Compared with the traditional IMS which needs to independently initiate AKA cognition and needs two HSS interactions, the invention simplifies IMS cognition into single token verification, realizes cross-system mutual authentication by utilizing the dynamically generated joint authentication token, reduces the repeated authentication request of a core network and IMS (IP multimedia subsystem), reduces the signaling interaction times by more than 50 percent, obviously reduces network load and time delay, improves the network resource utilization rate and response speed, and enhances the stability of the network under a high concurrency scene. In addition, the core network of the invention automatically pushes the combined authentication token to the IMS terminal when generating the combined authentication token each time, thereby ensuring that the IMS obtains the latest combined authentication token in real time.

Drawings

Fig. 1 is a flow chart of the core network IMS joint authentication access method of the present invention.

Fig. 2 is a block diagram of an IMS joint authentication access method for a core network according to the present invention.

Detailed Description

In order to describe the technical content, the constructional features, the achieved objects and effects of the present invention in detail, the following description is made in connection with the embodiments and the accompanying drawings.

Referring to fig. 1 and 2, the present invention discloses a core network IMS joint authentication access system including a core network and an IP Multimedia Subsystem (IMS), the core network IMS joint authentication access system being configured to perform a core network IMS joint authentication access method. The core network IMS joint authentication access method comprises steps S1 to S8.

S1, the UE sends an initial registration request (NAS information) to the 5G core network through gnb (base station), where the initial registration request includes a user permanent identifier and a request identifier of joint authentication. The core network in this embodiment is a 5G core network, and the core network may be used to form a 6G network, so that the core network IMS joint authentication access method and system of the present invention are the core network IMS joint authentication access method and system of the 6G network.

Wherein the user permanent identifier is an encrypted user permanent identifier. Specifically, the UE encrypts the user permanent identifier SUPI using the public key of the 5G core network to generate an encrypted user permanent identifier SUPI, which may also be referred to as an encrypted temporary identifier SUCI. The temporary identifier SUCI complies with the 3gpp TS 33.501 specification.

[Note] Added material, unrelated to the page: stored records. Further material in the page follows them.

(* Let $(\mathfrak g,\mu,P)$ be a Nijenhuis Lie algebra and $(M,P_M)$ a Nijenhuis representation over it. Then $(\mathrm C^\bullet_{\mathrm{NjO}}(\mathfrak g,M),\delta_{\mathrm{NjO},M})$ is a cochain complex, i.e. $\delta_{\mathrm{NjO},M}\circ\delta_{\mathrm{NjO},M}=0$.
   Context: All vector spaces are over a field $\mathbf k$ of characteristic $0$. A Nijenhuis Lie algebra is a Lie algebra $(\mathfrak g,\mu=[-,-]_\mu)$ with a linear $P:\mathfrak g\to\mathfrak g$ satisfying $[P a,P b]_\mu=P([Pa,b]_\mu+[a,Pb]_\mu-P[a,b]_\mu)$. A Nijenhuis representation is a Lie algebra representation $M$ of $(\mathfrak g,\mu)$ (action $a x$) with linear $P_M:M\to M$ such that $P(a)P_M(x)=P_M(P(a)x+aP_M(x)-P_M(ax))$. For a Lie algebra $(\mathfrak g,\mu)$ and representation $M$, the Chevalley–Eilenberg complex is $\mathrm C^n_{\mathrm{Lie}}(\mathfrak g,M)=\mathrm{Hom}(\wedge^n\mathfrak g,M)$, $n\ge0$, with $\delta_{\mathrm{Lie},M}(f)(a_1,\dots,a_{n+1})=\sum_{i=1}^{n+1}(-1)^{i-1}a_i f(a_1,\dots,\widehat{a_i},\dots,a_{n+1})+\sum_{i<j}(-1)^{i+j}f([a_i,a_j]_\mu,a_1,\dots,\widehat{a_i},\dots,\widehat{a_j},\dots,a_{n+1})$. Put $[a,b]_P:=[Pa,b]_\mu+[a,Pb]_\mu-P[a,b]_\mu$ and let $\mathfrak g$ act on $M$ by $a\rhd x:=P(a)x$. Let $\partial:\mathrm{Hom}(\wedge^n\mathfrak g,M)\to\mathrm{Hom}(\wedge^{n+1}\mathfrak g,M)$ be the Chevalley–Eilenberg differential of the bracket $[-,-]_P$ with coefficients in $M$ with action $\rhd$: $\partial(f)(a_1,\dots,a_{n+1})=\sum_{i}(-1)^{i-1}P(a_i)f(a_1,\dots,\widehat{a_i},\dots,a_{n+1})+\sum_{i<j}(-1)^{i+j}f([a_i,a_j]_P,a_1,\dots,\widehat{a_i},\dots,\widehat{a_j},\dots,a_{n+1})$. Define $\mathrm C^n_{\mathrm{NjO}}(\mathfrak g,M):=\mathrm{Hom}(\wedge^n\mathfrak g,M)$ for $n\ge0$ and $\delta_{\mathrm{NjO},M}(f):=-P_M\circ\delta_{\mathrm{Lie},M}(f)+\partial(f)$. *)

theory Defs
  imports Complex_Main
begin
(* For every integer $N\ge5$, \[ h(N)>\left\lfloor\frac{\lfloor\sqrt{N}\rfloor+1}{2}\right\rfloor. \]
   Context: A finite set $A\subseteq\mathbb{Z}$ is Sidon if $a+b=c+d$ with $a,b,c,d\in A$ implies $\{a,b\}=\{c,d\}$ as unordered pairs. For a natural number $N$, $h(N)=\max\{|A| : A\subseteq\{1,\dots,N\},\ A\text{ Sidon}\}$. *)

theory Defs
  imports Complex_Main
begin

definition sidon :: "int set \<Rightarrow> bool" where
  "sidon A \<longleftrightarrow> finite A \<and>
     (\<forall>a\<in>A. \<forall>b\<in>A. \<forall>c\<in>A. \<forall>d\<in>A. a + b = c + d \<longrightarrow> {a, b} = {c, d})"

definition h :: "nat \<Rightarrow> nat" where
  "h N = Max {card A | A. A \<subseteq> {1..int N} \<and> sidon A}"

end

theory Submission
  imports Defs "HOL-Number_Theory.Number_Theory"
begin

(* If A is a Sidon set modulo M with m elements, then some window of L consecutive
   residues contains at least mL/M elements of A, and these, shifted into {1..L}, form a Sidon
   set of integers. Ruzsa's set {x : x = i (mod p - 1), x = g^i (mod p)}, for a primitive root g
   modulo a prime p, is a Sidon set of p - 1 elements modulo p(p - 1).
   Let k = floor((floor(sqrt N) + 1) / 2), so that (2k - 1)^2 <= N. For k >= 3, Erdos' proof of
   Chebyshev's bound gives a prime p with k + 1 < p <= 4k - 4. Then pk < (2k - 1)^2 <= N, so a
   window of length min(N, p(p - 1)) contains more than k elements of Ruzsa's set. For k <= 2
   the sets {1,2} and {1,2,4} suffice. *)

section \<open>A prime between n and 4n - 8\<close>

lemma prod_primes_dvd:
  fixes S :: "nat set"
  assumes "finite S" and "\<And>p. p \<in> S \<Longrightarrow> prime p \<and> p dvd c"
  shows "\<Prod>S dvd c"
  using assms
proof (induction S rule: finite_induct)
  case empty
  then show ?case by simp
next
  case (insert q F)
  have "coprime q (\<Prod>F)"
    using insert by (intro prod_coprime_right) (auto intro: primes_coprime)
  then show ?case
    using insert by (simp add: divides_mult)
qed

lemma binomial_odd_middle_le: "(2*k+1) choose k \<le> (4::nat)^k"
proof -
  have "2 * ((2*k+1) choose k) = ((2*k+1) choose k) + ((2*k+1) choose (k+1))"
    using binomial_symmetric[of k "2*k+1"] by simp
  also have "\<dots> = (\<Sum>i\<in>{k, k+1}. (2*k+1) choose i)"
    by simp
  also have "\<dots> \<le> (\<Sum>i\<le>2*k+1. (2*k+1) choose i)"
    by (intro sum_mono2) auto
  also have "\<dots> = 2^(2*k+1)"
    by (rule choose_row_sum)
  also have "\<dots> = 2 * 4^k"
    by (simp add: power_add power_mult)
  finally show ?thesis
    by simp
qed
text \<open>On a left-tagged partition the Riemann--Stieltjes sums of the next level are a sum of
  rank-one tensors, whose integrator factors have norm at most the increments of the control.\<close>
lemma L2_rs_sum_aug_le:
  fixes x :: "real \<Rightarrow> real^'m" and F :: "'w \<Rightarrow> real \<Rightarrow> real"
  assumes bv: "bounded_variation x 0 T" and W: "finite W"
    and F: "\<And>s. 0 \<le> s \<Longrightarrow> s \<le> T \<Longrightarrow> L2_set (\<lambda>w. F w s) W \<le> aug_control x s ^ k / fact k"
    and P: "fine_tagged_partition 0 t n u u \<delta>" and "t \<le> T"
  shows "L2_set (\<lambda>p. rs_sum (F (snd p)) (\<lambda>s. aug x s (fst p)) n u u) (UNIV \<times> W)
           \<le> aug_control x t ^ Suc k / fact (Suc k)"
proof -
  define L where "L i = aug_control x (u i)" for i
  have u: "0 \<le> u i" "u i \<le> u (Suc i)" "u (Suc i) \<le> T" "u i \<le> T" if "i < n" for i
    using fine_tagged_partition_range[OF P, of i] fine_tagged_partition_range[OF P, of "Suc i"] P that
      \<open>t \<le> T\<close> by (auto simp: fine_tagged_partition_def)
  have L: "0 \<le> L i" "L i \<le> L (Suc i)" if "i < n" for i
    using aug_control_nonneg[OF bv] aug_control_mono[OF bv] u[OF that] by (auto simp: L_def)
  have "L2_set (\<lambda>p. rs_sum (F (snd p)) (\<lambda>s. aug x s (fst p)) n u u) (UNIV \<times> W)
      = L2_set (\<lambda>p. \<Sum>i<n. (aug x (u (Suc i)) (fst p) - aug x (u i) (fst p)) * F (snd p) (u i)) (UNIV \<times> W)"
    unfolding rs_sum_def by (simp add: mult.commute)
  also have "\<dots> \<le> (\<Sum>i<n. L2_set (\<lambda>p. (aug x (u (Suc i)) (fst p) - aug x (u i) (fst p)) * F (snd p) (u i))
      (UNIV \<times> W))"
    by (rule L2_set_sum_le) simp
  also have "\<dots> = (\<Sum>i<n. L2_set (\<lambda>j. aug x (u (Suc i)) j - aug x (u i) j) UNIV * L2_set (\<lambda>w. F w (u i)) W)"
  proof (rule sum.cong[OF refl])
    fix i
    show "L2_set (\<lambda>p. (aug x (u (Suc i)) (fst p) - aug x (u i) (fst p)) * F (snd p) (u i)) (UNIV \<times> W)
        = L2_set (\<lambda>j. aug x (u (Suc i)) j - aug x (u i) j) UNIV * L2_set (\<lambda>w. F w (u i)) W"
      using L2_set_times[OF finite_class.finite_UNIV W, where f = "\<lambda>j. aug x (u (Suc i)) j - aug x (u i) j"
          and g = "\<lambda>w. F w (u i)"] by simp
  qed
  also have "\<dots> \<le> (\<Sum>i<n. (L (Suc i) - L i) * (L i ^ k / fact k))"
    using L2_set_aug_increment_le[OF bv u(1-3)] F[OF u(1,4)] L
    by (intro sum_mono mult_mono) (auto simp: L_def)
  also have "\<dots> \<le> (\<Sum>i<n. L (Suc i) ^ Suc k / fact (Suc k) - L i ^ Suc k / fact (Suc k))"
  proof (rule sum_mono)
    fix i assume "i \<in> {..<n}"
    then have "L i ^ k / fact k * (L (Suc i) - L i)
        \<le> L (Suc i) ^ Suc k / fact (Suc k) - L i ^ Suc k / fact (Suc k)"
      using L by (intro power_div_fact_increment_le) auto
    then show "(L (Suc i) - L i) * (L i ^ k / fact k)
        \<le> L (Suc i) ^ Suc k / fact (Suc k) - L i ^ Suc k / fact (Suc k)"
      by (simp only: mult.commute)
  qed
  also have "\<dots> = L n ^ Suc k / fact (Suc k) - L 0 ^ Suc k / fact (Suc k)"
    by (rule sum_lessThan_telescope)
  also have "\<dots> \<le> aug_control x t ^ Suc k / fact (Suc k)"
    using P aug_control_nonneg[OF bv, of 0] \<open>t \<le> T\<close> fine_tagged_partition_range[OF P, of n]
    by (simp add: L_def fine_tagged_partition_def)
  finally show ?thesis .
qed
text \<open>Both problems see the facility sizes only through the capacity installed per zone,
  planning period and process (or cathode powder), and through the planning cost.
  A (PMI) solution with n full facilities of size u and one of size p becomes a (P) solution
  with sizes u, ..., u, p, 0, ..., 0; it has the same capacity and, as f 0 = 0, the same cost.
  Conversely, for concave f, pushing two sizes a, b apart to x \<le> a, b \<le> y with x + y = a + b
  does not increase f a + f b. Merging the sizes of a (P) solution greedily in this way leaves
  at most N - 1 full facilities and one partial one: a (PMI) solution with the same capacity and
  no larger cost.\<close>

lemma concave_on_spread_le:
  fixes f :: "real \<Rightarrow> real"
  assumes f: "concave_on S f" and S: "x \<in> S" "y \<in> S"
    and between: "x \<le> a" "a \<le> y" "x \<le> b" "b \<le> y" and "a + b = x + y"
  shows "f x + f y \<le> f a + f b"
proof (cases "x = y")
  case True
  with between show ?thesis by simp
next
  case False
  with between have "x < y" by simp
  define t where "t = (a - x) / (y - x)"
  have t: "0 \<le> t" "t \<le> 1" using between \<open>x < y\<close> by (auto simp: t_def divide_simps)
  have "t * (y - x) = a - x" using \<open>x < y\<close> by (simp add: t_def)
  then have a: "a = (1 - t) *\<^sub>R x + t *\<^sub>R y" and b: "b = (1 - (1 - t)) *\<^sub>R x + (1 - t) *\<^sub>R y"
    using \<open>a + b = x + y\<close> by (simp_all add: algebra_simps)
  have "(1 - t) * f x + t * f y \<le> f a"
    unfolding a using concave_onD[OF f t S] .
  moreover have "(1 - (1 - t)) * f x + (1 - t) * f y \<le> f b"
    unfolding b using concave_onD[OF f _ _ S, of "1 - t"] t by simp
  ultimately show ?thesis by (simp add: algebra_simps)
qed
text \<open>A maximiser \<open>v\<^sub>0\<close> of the Rayleigh quotient on an invariant subspace is an eigenvector: for
  \<open>w = A v\<^sub>0 - M v\<^sub>0\<close>, maximality at \<open>v\<^sub>0 + t w\<close> gives \<open>2 t \<parallel>w\<parallel>\<^sup>2 + O(t\<^sup>2) \<le> 0\<close> for all real \<open>t\<close>.\<close>

lemma hermitian_rayleigh_maximizer_eigenvector:
  fixes A :: "'n::finite cmat"
  assumes herm: "hermitian A" and W: "subspace W" and inv: "\<And>v. v \<in> W \<Longrightarrow> A *v v \<in> W"
    and v0: "v0 \<in> W" "norm v0 = 1"
    and max: "\<And>u. u \<in> W \<Longrightarrow> Re (cinner u (A *v u)) \<le> Re (cinner v0 (A *v v0)) * (norm u)\<^sup>2"
  shows "A *v v0 = of_real (Re (cinner v0 (A *v v0))) *s v0"
proof -
  define f where "f u = Re (cinner u (A *v u))" for u
  define M where "M = f v0"
  define w where "w = A *v v0 - of_real M *s v0"
  have "w \<in> W"
    unfolding w_def using subspace_diff[OF W inv[OF v0(1)] subspace_mul[OF W v0(1), of M]]
    by (simp add: scaleR_vec_def vector_scalar_mult_def)
  have "2 * t * Re (cinner w w) + t\<^sup>2 * (f w - M * (norm w)\<^sup>2) \<le> 0" for t
  proof -
    have "v0 + t *\<^sub>R w \<in> W" using W v0(1) \<open>w \<in> W\<close> by (simp add: subspace_add subspace_mul)
    hence le: "f (v0 + t *\<^sub>R w) \<le> M * (norm (v0 + t *\<^sub>R w))\<^sup>2"
      using max by (simp add: f_def M_def)
    have sym: "Re (cinner v0 (A *v w)) = Re (cinner w (A *v v0))"
      by (simp add: hermitian_cinner[OF herm] cinner_commute[of "A *v v0" w])
    have f_expand: "f (v0 + t *\<^sub>R w) = M + 2 * t * Re (cinner w (A *v v0)) + t\<^sup>2 * f w"
      using sym
      by (simp add: f_def M_def matrix_vector_right_distrib matrix_vector_mult_scaleR
          cinner_add_left cinner_add_right cinner_scaleR_left cinner_scaleR_right
          power2_eq_square algebra_simps)
    have "(norm (v0 + t *\<^sub>R w))\<^sup>2 = Re (cinner (v0 + t *\<^sub>R w) (v0 + t *\<^sub>R w))"
      by (simp only: Re_cinner_self)
    also have "\<dots> = 1 + 2 * t * Re (cinner w v0) + t\<^sup>2 * (norm w)\<^sup>2"
      using v0(2) cinner_commute[of v0 w]
      by (simp add: cinner_add_left cinner_add_right cinner_scaleR_left cinner_scaleR_right
          Re_cinner_self power2_eq_square algebra_simps)
    finally have norm_expand: "(norm (v0 + t *\<^sub>R w))\<^sup>2 = 1 + 2 * t * Re (cinner w v0) + t\<^sup>2 * (norm w)\<^sup>2" .
    have "Re (cinner w (A *v v0)) = Re (cinner w w) + M * Re (cinner w v0)"
      by (simp add: w_def cinner_diff_right cinner_cscale_right)
    with le show ?thesis unfolding f_expand norm_expand by (simp add: algebra_simps)
  qed
  hence "Re (cinner w w) = 0" by (rule quadratic_le_0_imp_linear_zero)
  hence "w = 0" by (simp add: cinner_self)
  thus ?thesis by (simp add: w_def M_def f_def)
qed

The UE establishes a connection with a base station through RRC (radio resource control) and transmits an initial registration request (NAS message). The request identifier of the combined authentication in the initial registration request is the request type of the combined authentication, and is an identifier of the combined authentication.

Wherein the initial registration request further includes a security function type (UE Security Capabilities) of the UE.

S2, the 5G core network receives an initial registration request of the UE and generates a joint authentication token (JAT, joint authentication token).

Specifically, the 5G core network receives an initial registration request (NAS information) sent by a base station, analyzes the initial registration information, acquires an encrypted user permanent identifier (SUCI) and a joint authentication request identifier, triggers a joint authentication process according to the joint authentication request identifier, randomly generates a joint authentication token (JAT, joint authentication token) according to the user permanent identifier, distributes an IE address for UE, synchronously pushes the joint authentication token and user context information to an IP multimedia subsystem, and sends the joint authentication token and a correlation parameter to the UE in an authentication success response, so that the UE successfully accesses the 5G core network, wherein the user context information comprises the IP address of the UE and the user permanent identifier, and the correlation parameter comprises the token type.

Preferably, the 5G core network generates a joint authentication token randomly according to the user permanent identifier, the time stamp, the random number and the shared key, the user context information and the associated parameters further comprise a JAT validity period, and the JAT validity period is bound with the validity period of the shared key.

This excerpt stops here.